* **Exercise requirements**
Produce as output only the lines below starting at the line with "so the nonlinearity" and continuing through the line with "obtain M A U", each one exactly as written.

(Saved data entries)
____________________

text \<open>Everything hinges on the quantity
  \<open>\<Delta> = \<gamma> r \<delta> (\<delta> + \<eta> + \<nu>) - (1 - r) \<mu> (\<delta> + \<eta>)\<close>:
  \<open>NM - NF\<close> is a positive multiple of \<open>\<Delta>\<close>, and so is the switching function \<open>\<gamma> M - A\<close>
  evaluated at \<open>E1\<close> (resp. \<open>E2\<close>) as soon as \<open>ln NF > 0\<close> (resp. \<open>ln NM > 0\<close>).
  So the side of the switching plane on which each equilibrium lies is the sign of \<open>NM - NF\<close>,
  and for \<open>\<Delta> = 0\<close> the two formulas coincide. That \<open>Ei\<close> is a zero of \<open>Phi_i\<close> is a direct
  computation: the coordinates of \<open>Ei\<close> sum to \<open>S = ln N / \<sigma>\<close> with \<open>N = NF\<close> (resp. \<open>NM\<close>),
  so the nonlinearity \<open>exp (- \<sigma> S)\<close> equals \<open>1 / N\<close> there.\<close>

lemma Rplus3_regions_by_sign:
  assumes "x \<in> Rplus3" and "sgn (\<gamma> * fst x - fst (snd x)) = sgn s"
  shows "(x \<in> Ps \<gamma> \<longleftrightarrow> s = 0) \<and> (x \<in> Ma \<gamma> \<longleftrightarrow> 0 < s) \<and> (x \<in> Ms \<gamma> \<longleftrightarrow> s < 0)"
proof -
  obtain M A U where x: "x = (M, A, U)" by (cases x)
  have "(\<gamma> * M = A \<longleftrightarrow> s = 0) \<and> (A < \<gamma> * M \<longleftrightarrow> 0 < s) \<and> (\<gamma> * M < A \<longleftrightarrow> s < 0)"
    using assms(2) unfolding x by (auto simp: sgn_if split: if_splits)
  then show ?thesis
    using assms(1) unfolding x Ps_def Ma_def Ms_def by auto
qed

locale natural_system =
  fixes r \<rho> \<sigma> \<mu> \<delta> \<nu> \<eta> \<gamma> :: real
  assumes r_pos: "0 < r" and r_less_1: "r < 1" and rho_pos: "0 < \<rho>" and sigma_pos: "0 < \<sigma>"
    and mu_pos: "0 < \<mu>" and delta_pos: "0 < \<delta>" and nu_pos: "0 < \<nu>" and eta_pos: "0 < \<eta>"
    and gamma_pos: "0 < \<gamma>"
begin

abbreviation "nM \<equiv> NM r \<rho> \<sigma> \<mu> \<delta> \<nu> \<eta> \<gamma>"
abbreviation "nF \<equiv> NF r \<rho> \<sigma> \<mu> \<delta> \<nu> \<eta> \<gamma>"
abbreviation "\<theta> \<equiv> thetaM r \<rho> \<sigma> \<mu> \<delta> \<nu> \<eta> \<gamma>"
abbreviation "e1 \<equiv> E1 r \<rho> \<sigma> \<mu> \<delta> \<nu> \<eta> \<gamma>"
abbreviation "e2 \<equiv> E2 r \<rho> \<sigma> \<mu> \<delta> \<nu> \<eta> \<gamma>"
abbreviation "\<Delta> \<equiv> \<gamma> * r * \<delta> * (\<delta> + \<eta> + \<nu>) - (1 - r) * \<mu> * (\<delta> + \<eta>)"
lemma primitive_on_cong:
  assumes P: "primitive_on T p p'" and "0 \<le> T"
    and eq: "\<And>t. t \<in> {0..T} \<Longrightarrow> p t = q t" and eq': "\<And>t. t \<in> {0..T} \<Longrightarrow> p' t = q' t"
  shows "primitive_on T q q'"
  unfolding primitive_on_def
proof (intro conjI ballI)
  have "integrable (lebesgue_on {0..T}) p' = integrable (lebesgue_on {0..T}) q'"
    by (rule Bochner_Integration.integrable_cong) (simp_all add: eq')
  then show "integrable (lebesgue_on {0..T}) q'"
    using primitive_on_integrable[OF P] by simp
  fix t assume t: "t \<in> {0..T}"
  have "integral\<^sup>L (lebesgue_on {0..t}) p' = integral\<^sup>L (lebesgue_on {0..t}) q'"
    by (rule Bochner_Integration.integral_cong) (use t eq' in auto)
  moreover have "p 0 = q 0" "p t = q t" using eq \<open>0 \<le> T\<close> t by auto
  ultimately show "q t = q 0 + integral\<^sup>L (lebesgue_on {0..t}) q'"
    using primitive_on_eq[OF P t] by simp
qed

lemma integrable_mult_continuous_on:
  fixes f g :: "real \<Rightarrow> real"
  assumes f: "integrable (lebesgue_on {a..b}) f" and g: "continuous_on {a..b} g"
  shows "integrable (lebesgue_on {a..b}) (\<lambda>x. f x * g x)"
proof -
  obtain C where C: "\<And>x. x \<in> {a..b} \<Longrightarrow> \<bar>g x\<bar> \<le> C"
    using compact_imp_bounded[OF compact_continuous_image[OF g compact_Icc]]
    unfolding bounded_iff by (metis image_eqI real_norm_def)
  have [measurable]: "g \<in> borel_measurable (lebesgue_on {a..b})"
    by (rule continuous_imp_measurable_on_sets_lebesgue[OF g]) auto
  have [measurable]: "f \<in> borel_measurable (lebesgue_on {a..b})"
    using f by auto
  show ?thesis
  proof (rule Bochner_Integration.integrable_bound[where f="\<lambda>x. C * f x"])
    show "integrable (lebesgue_on {a..b}) (\<lambda>x. C * f x)" using f by simp
    show "(\<lambda>x. f x * g x) \<in> borel_measurable (lebesgue_on {a..b})" by measurable
    show "AE x in lebesgue_on {a..b}. norm (f x * g x) \<le> norm (C * f x)"
    proof (rule AE_I2)
      fix x assume "x \<in> space (lebesgue_on {a..b})"
      then have "\<bar>g x\<bar> \<le> \<bar>C\<bar>" using C[of x] by simp
      from mult_right_mono[OF this abs_ge_zero[of "f x"]]
      show "norm (f x * g x) \<le> norm (C * f x)"
        by (simp add: abs_mult mult.commute)
    qed
  qed
qed

lemma primitive_on_increments_product:
  assumes P: "primitive_on T p p'" and Q: "primitive_on T q q'" and t: "t \<in> {0..T}"
  shows "(p t - p 0) * (q t - q 0) = integral\<^sup>L (lebesgue_on {0..t}) (\<lambda>s. p' s * (q s - q 0))
          + integral\<^sup>L (lebesgue_on {0..t}) (\<lambda>s. q' s * (p s - p 0))"
proof -
  define cut where "cut g s = indicator {0..t} s * g s" for g :: "real \<Rightarrow> real" and s
  have increment: "(\<integral>s. cut g' s \<partial>lebesgue) = g t - g 0"
    and triangle: "(\<integral>s. cut g' s * (\<integral>r. indicator {..s} r * cut h' r \<partial>lebesgue) \<partial>lebesgue)
      = integral\<^sup>L (lebesgue_on {0..t}) (\<lambda>s. g' s * (h s - h 0))"
    if G: "primitive_on T g g'" and H: "primitive_on T h h'" for g g' h h'
  proof -
    show "(\<integral>s. cut g' s \<partial>lebesgue) = g t - g 0"
      using primitive_on_eq[OF G t] by (simp add: cut_def integral_lebesgue_on_Icc)
    have "(\<integral>r. indicator {..s} r * cut h' r \<partial>lebesgue) = h s - h 0" if s: "s \<in> {0..t}" for s
    proof -
      have "(\<integral>r. indicator {..s} r * cut h' r \<partial>lebesgue) = (\<integral>r. indicator {0..s} r * h' r \<partial>lebesgue)"
        using s by (intro Bochner_Integration.integral_cong) (auto simp: cut_def indicator_def)
      then show ?thesis using primitive_on_eq[OF H, of s] s t by (simp add: integral_lebesgue_on_Icc)
    qed
    then have "(\<integral>s. cut g' s * (\<integral>r. indicator {..s} r * cut h' r \<partial>lebesgue) \<partial>lebesgue)
        = (\<integral>s. indicator {0..t} s * (g' s * (h s - h 0)) \<partial>lebesgue)"
      by (intro Bochner_Integration.integral_cong) (auto simp: cut_def indicator_def)
    then show "(\<integral>s. cut g' s * (\<integral>r. indicator {..s} r * cut h' r \<partial>lebesgue) \<partial>lebesgue)
        = integral\<^sup>L (lebesgue_on {0..t}) (\<lambda>s. g' s * (h s - h 0))"
      by (simp add: integral_lebesgue_on_Icc)
  qed
  have "integrable lebesgue (cut p')" "integrable lebesgue (cut q')"
    using primitive_on_integrable_Icc[OF P t] primitive_on_integrable_Icc[OF Q t]
    unfolding cut_def integrable_lebesgue_on_Icc by blast+
  from product_of_integrals_triangles[OF this] show ?thesis
    unfolding increment[OF P Q] increment[OF Q P] triangle[OF P Q] triangle[OF Q P] .
qed

lemma primitive_on_mult:
  assumes P: "primitive_on T p p'" and Q: "primitive_on T q q'"
  shows "primitive_on T (\<lambda>t. p t * q t) (\<lambda>t. p' t * q t + p t * q' t)"
proof -
  have i1: "integrable (lebesgue_on {0..T}) (\<lambda>t. p' t * q t)"
    by (rule integrable_mult_continuous_on[OF primitive_on_integrable[OF P] primitive_on_continuous[OF Q]])
  have i2: "integrable (lebesgue_on {0..T}) (\<lambda>t. p t * q' t)"
    using integrable_mult_continuous_on[OF primitive_on_integrable[OF Q] primitive_on_continuous[OF P]]
    by (simp add: mult.commute)
  show ?thesis unfolding primitive_on_def
  proof (intro conjI ballI)
    show "integrable (lebesgue_on {0..T}) (\<lambda>t. p' t * q t + p t * q' t)"
      using i1 i2 by (rule Bochner_Integration.integrable_add)
    fix t assume t: "t \<in> {0..T}"
    have "{0..t} \<subseteq> {0..T}" using t by auto
    note restrict = Equivalence_Lebesgue_Henstock_Integration.integrable_subinterval[OF _ this]
    have i1t: "integrable (lebesgue_on {0..t}) (\<lambda>t. p' t * q t)" by (rule restrict[OF i1])
    have i2t: "integrable (lebesgue_on {0..t}) (\<lambda>t. p t * q' t)" by (rule restrict[OF i2])
    have ip: "integrable (lebesgue_on {0..t}) p'" and iq: "integrable (lebesgue_on {0..t}) q'"
      using primitive_on_integrable_Icc[OF P t] primitive_on_integrable_Icc[OF Q t] .
    have shift: "integral\<^sup>L (lebesgue_on {0..t}) (\<lambda>s. g' s * (h s - h 0))
        = integral\<^sup>L (lebesgue_on {0..t}) (\<lambda>s. g' s * h s) - h 0 * integral\<^sup>L (lebesgue_on {0..t}) g'"
      if "integrable (lebesgue_on {0..t}) (\<lambda>s. g' s * h s)" "integrable (lebesgue_on {0..t}) g'"
      for g' h :: "real \<Rightarrow> real"
    proof -
      have "(\<lambda>s. g' s * (h s - h 0)) = (\<lambda>s. g' s * h s - h 0 * g' s)"
        by (simp add: algebra_simps)
      then show ?thesis
        using Bochner_Integration.integral_diff[OF that(1) integrable_mult_right[OF that(2), of "h 0"]]
        by simp
    qed
    have i2t': "integrable (lebesgue_on {0..t}) (\<lambda>s. q' s * p s)"
      using i2t by (simp add: mult.commute)
    have "(p t - p 0) * (q t - q 0) = integral\<^sup>L (lebesgue_on {0..t}) (\<lambda>s. p' s * q s)
        - q 0 * integral\<^sup>L (lebesgue_on {0..t}) p' + (integral\<^sup>L (lebesgue_on {0..t}) (\<lambda>s. q' s * p s)
        - p 0 * integral\<^sup>L (lebesgue_on {0..t}) q')"
      unfolding primitive_on_increments_product[OF P Q t] shift[OF i1t ip] shift[OF i2t' iq] ..
    moreover have "integral\<^sup>L (lebesgue_on {0..t}) (\<lambda>s. p' s * q s + p s * q' s)
        = integral\<^sup>L (lebesgue_on {0..t}) (\<lambda>s. p' s * q s) + integral\<^sup>L (lebesgue_on {0..t}) (\<lambda>s. q' s * p s)"
      using Bochner_Integration.integral_add[OF i1t i2t] by (simp add: mult.commute)
    moreover note primitive_on_eq[OF P t] primitive_on_eq[OF Q t]
    ultimately show "p t * q t = p 0 * q 0 + integral\<^sup>L (lebesgue_on {0..t}) (\<lambda>t. p' t * q t + p t * q' t)"
      by algebra
  qed
qed

lemma primitive_on_integral:
  assumes "integrable (lebesgue_on {0..T}) g"
  shows "primitive_on T (\<lambda>t. integral\<^sup>L (lebesgue_on {0..t}) g) g"
proof -
  have "integral\<^sup>L (lebesgue_on {0..0}) g = 0"
    by (rule integral_eq_zero_null_sets) auto
  then show ?thesis using assms by (simp add: primitive_on_def)
qed

lemma primitive_on_le_integral:
  assumes P: "primitive_on T p p'" and t: "t \<in> {0..T}" and g: "integrable (lebesgue_on {0..t}) g"
    and le: "AE s in lebesgue_on {0..t}. p' s \<le> g s"
  shows "p t \<le> p 0 + integral\<^sup>L (lebesgue_on {0..t}) g"
proof -
  have "integral\<^sup>L (lebesgue_on {0..t}) p' \<le> integral\<^sup>L (lebesgue_on {0..t}) g"
    by (rule integral_mono_AE[OF primitive_on_integrable_Icc[OF P t] g le])
  then show ?thesis using primitive_on_eq[OF P t] by simp
qed

section \<open>Functions with vanishing integrals\<close>

text \<open>Half-lines generate the Borel sets, so the densities of the positive and negative parts
  coincide.\<close>

lemma AE_lborel_zero_if_integrals_Ioi_zero:
  fixes h :: "real \<Rightarrow> real"
  assumes h: "integrable lborel h" and zero: "\<And>x. (\<integral>y. indicator {x<..} y * h y \<partial>lborel) = 0"
  shows "AE y in lborel. h y = 0"
proof -
  define hp where "hp y = max 0 (h y)" for y
  define hm where "hm y = max 0 (- h y)" for y
  have [measurable]: "h \<in> borel_measurable lborel" using h by auto
  have [measurable]: "hp \<in> borel_measurable lborel" unfolding hp_def by measurable
  have [measurable]: "hm \<in> borel_measurable lborel" unfolding hm_def by measurable
  have ihp: "integrable lborel hp" and ihm: "integrable lborel hm"
    unfolding hp_def hm_def using h by (intro integrable_max; simp)+
  have hp_nonneg: "0 \<le> hp y" and hm_nonneg: "0 \<le> hm y" for y
    by (simp_all add: hp_def hm_def)
  have cut: "integrable lborel (\<lambda>y. indicator {x<..} y * g y)" if "integrable lborel g" for x and g :: "real \<Rightarrow> real"
    using integrable_mult_indicator[of "{x<..}" lborel g] that by simp
  have emeasure_density: "emeasure (density lborel (\<lambda>y. ennreal (g y))) {x<..}
      = ennreal (\<integral>y. indicator {x<..} y * g y \<partial>lborel)"
    if g: "integrable lborel g" "\<And>y. 0 \<le> g y" for x and g :: "real \<Rightarrow> real"
  proof -
    have [measurable]: "g \<in> borel_measurable lborel" using g(1) by auto
    have "emeasure (density lborel (\<lambda>y. ennreal (g y))) {x<..}
        = (\<integral>\<^sup>+ y. ennreal (g y) * indicator {x<..} y \<partial>lborel)"
      by (rule emeasure_density) simp_all
    also have "\<dots> = (\<integral>\<^sup>+ y. ennreal (indicator {x<..} y * g y) \<partial>lborel)"
      by (intro nn_integral_cong) (simp add: indicator_def)
    also have "\<dots> = ennreal (\<integral>y. indicator {x<..} y * g y \<partial>lborel)"
      by (rule nn_integral_eq_integral[OF cut[OF g(1)]]) (use g(2) in auto)
    finally show ?thesis .
  qed
  have same_tails: "emeasure (density lborel (\<lambda>y. ennreal (hp y))) {x<..}
      = emeasure (density lborel (\<lambda>y. ennreal (hm y))) {x<..}" for x
  proof -
    have "(\<lambda>y. indicator {x<..} y * h y) = (\<lambda>y. indicator {x<..} y * hp y - indicator {x<..} y * hm y)"
      by (auto simp: hp_def hm_def max_def)
    then have "(\<integral>y. indicator {x<..} y * hp y \<partial>lborel) = (\<integral>y. indicator {x<..} y * hm y \<partial>lborel)"
      using zero[of x] Bochner_Integration.integral_diff[OF cut[OF ihp] cut[OF ihm], of x] by simp
    then show ?thesis
      unfolding emeasure_density[OF ihp hp_nonneg] emeasure_density[OF ihm hm_nonneg] by simp
  qed
  have "density lborel (\<lambda>y. ennreal (hp y)) = density lborel (\<lambda>y. ennreal (hm y))"
  proof (rule measure_eqI_lessThan)
    show "emeasure (density lborel (\<lambda>y. ennreal (hp y))) {x<..} < \<infinity>" for x
      unfolding emeasure_density[OF ihp hp_nonneg] by simp
  qed (simp_all add: same_tails)
  then have "AE y in lborel. ennreal (hp y) = ennreal (hm y)"
    by (rule sigma_finite_measure.density_unique[OF sigma_finite_lborel, rotated 2]) simp_all
  then show ?thesis
    by eventually_elim (auto simp: hp_def hm_def max_def split: if_splits)
qed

____________________

* **Output below**
  so the nonlinearity \<open>exp (- \<sigma> S)\<close> equals \<open>1 / N\<close> there.\<close>

lemma Rplus3_regions_by_sign:
  assumes "x \<in> Rplus3" and "sgn (\<gamma> * fst x - fst (snd x)) = sgn s"
  shows "(x \<in> Ps \<gamma> \<longleftrightarrow> s = 0) \<and> (x \<in> Ma \<gamma> \<longleftrightarrow> 0 < s) \<and> (x \<in> Ms \<gamma> \<longleftrightarrow> s < 0)"
proof -
  obtain M A U where x: "x = (M, A, U)" by (cases x)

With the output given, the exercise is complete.